Emile Zola aimait dire que son œuvre n’aurait pas été possible avant 1889, car jamais l’argent ne fit autant régner sa loi qu’au XIXe siècle. Dans ce nouveau monde de banquiers, d’usuriers et de parvenus, il devient un objet littéraire capital : moteur des destinées et révélateur des âmes. Mais dans cette littérature de l’argent triomphant, celles dont le destin entier est suspendu à un héritage ou à un mariage restent dans l’ombre. La fortune circule toujours par elles et rarement pour elles.
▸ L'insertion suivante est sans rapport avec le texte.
(* Let $k$ be a field, $\sigma$ an automorphism of $k$, and $\delta$ a $\sigma$-derivation of $k$. Then: (1) the skew series field $k((t,\sigma))$ is a regular extension of $k$; (2) the skew series field $k_{\sigma,\delta}((z))$ is a regular extension of $k$; (3) the skew rational fraction field $k(t,\sigma,\delta)$ is a regular extension of $k$.
   Context: Fields are not assumed commutative. An element $x$ of a field extension $h/k$ is algebraic over $k$ if the subfield $k(x)\subset h$ it generates has finite dimension both as a left and as a right $k$-vector space. A field extension $K/k$ is called regular if every element of $K$ algebraic over $k$ belongs to $k$. Consequently, if $k\subset L\subset K$ are fields and $K/k$ is regular, then $L/k$ is regular. The skew series field with right-hand coefficients $k_{\sigma,\delta}((z))$ consists of formal series $S=\sum_{i\ge n} z^i s_i$ ($n\in\mathbb{Z}$, $s_i\in k$), with left multiplication by $a\in k$ determined by $az=\sum_{i\ge 1} z^i\,\sigma\circ\delta^{i-1}(a)$. The skew series field $k((t,\sigma))$ consists of formal series $S=\sum_{i\ge n} s_i t^i$ ($n\in\mathbb{Z}$, $s_i\in k$) with $ta=\sigma(a)t$ for $a\in k$. $k(t,\sigma,\delta)$ denotes the skew field of fractions of the Ore polynomial ring $k[t,\sigma,\delta]$. There are $k$-embeddings $k(t,\sigma,\delta)\to k_{\sigma,\delta}((z))$, $t\mapsto z^{-1}$, and $k(t,\sigma)\to k((t,\sigma))$, $t\mapsto t$. *)

theory Defs
  imports "HOL-Algebra.Ring" "HOL-Algebra.RingHom"
begin

definition ring_automorphism :: "('a::division_ring \<Rightarrow> 'a) \<Rightarrow> bool" where
  "ring_automorphism \<sigma> \<longleftrightarrow> bij \<sigma> \<and> (\<forall>a b. \<sigma> (a + b) = \<sigma> a + \<sigma> b)
     \<and> (\<forall>a b. \<sigma> (a * b) = \<sigma> a * \<sigma> b) \<and> \<sigma> 1 = 1"

definition sigma_derivation :: "('a::division_ring \<Rightarrow> 'a) \<Rightarrow> ('a \<Rightarrow> 'a) \<Rightarrow> bool" where
  "sigma_derivation \<sigma> \<delta> \<longleftrightarrow> (\<forall>a b. \<delta> (a + b) = \<delta> a + \<delta> b)
     \<and> (\<forall>a b. \<delta> (a * b) = \<sigma> a * \<delta> b + \<delta> a * b)"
C’est ce paradoxe que Jane Austen (1775-1817), Edith Wharton (1862-1937), Virginia Woolf (1882-1941) et, plus près de nous, Taffy Brodesser-Akner (née en 1975) vont décrypter avec une acuité que les hommes, confortablement installés du bon côté du grand partage, n’ont aucune raison d’exercer.

A une époque où les lois de la gentry anglaise entravaient l’accès des femmes au pouvoir financier, l’argent ne pouvait que susciter des sentiments ambivalents, d’angoisse ou de fascination. Victime des déboires testamentaires de sa famille et de la faillite de son frère banquier, Jane Austen développe très tôt une obsession pour l’argent qui devient un thème central de ses romans. L’autrice a reçu une éducation conforme aux attentes sociales de cette petite bourgeoisie cultivée, mais sans titres qui gravite autour de la noblesse foncière sans en faire vraiment partie. Elle sait ce que signifie dépendre du bon vouloir d’un système successoral qui exclut les femmes.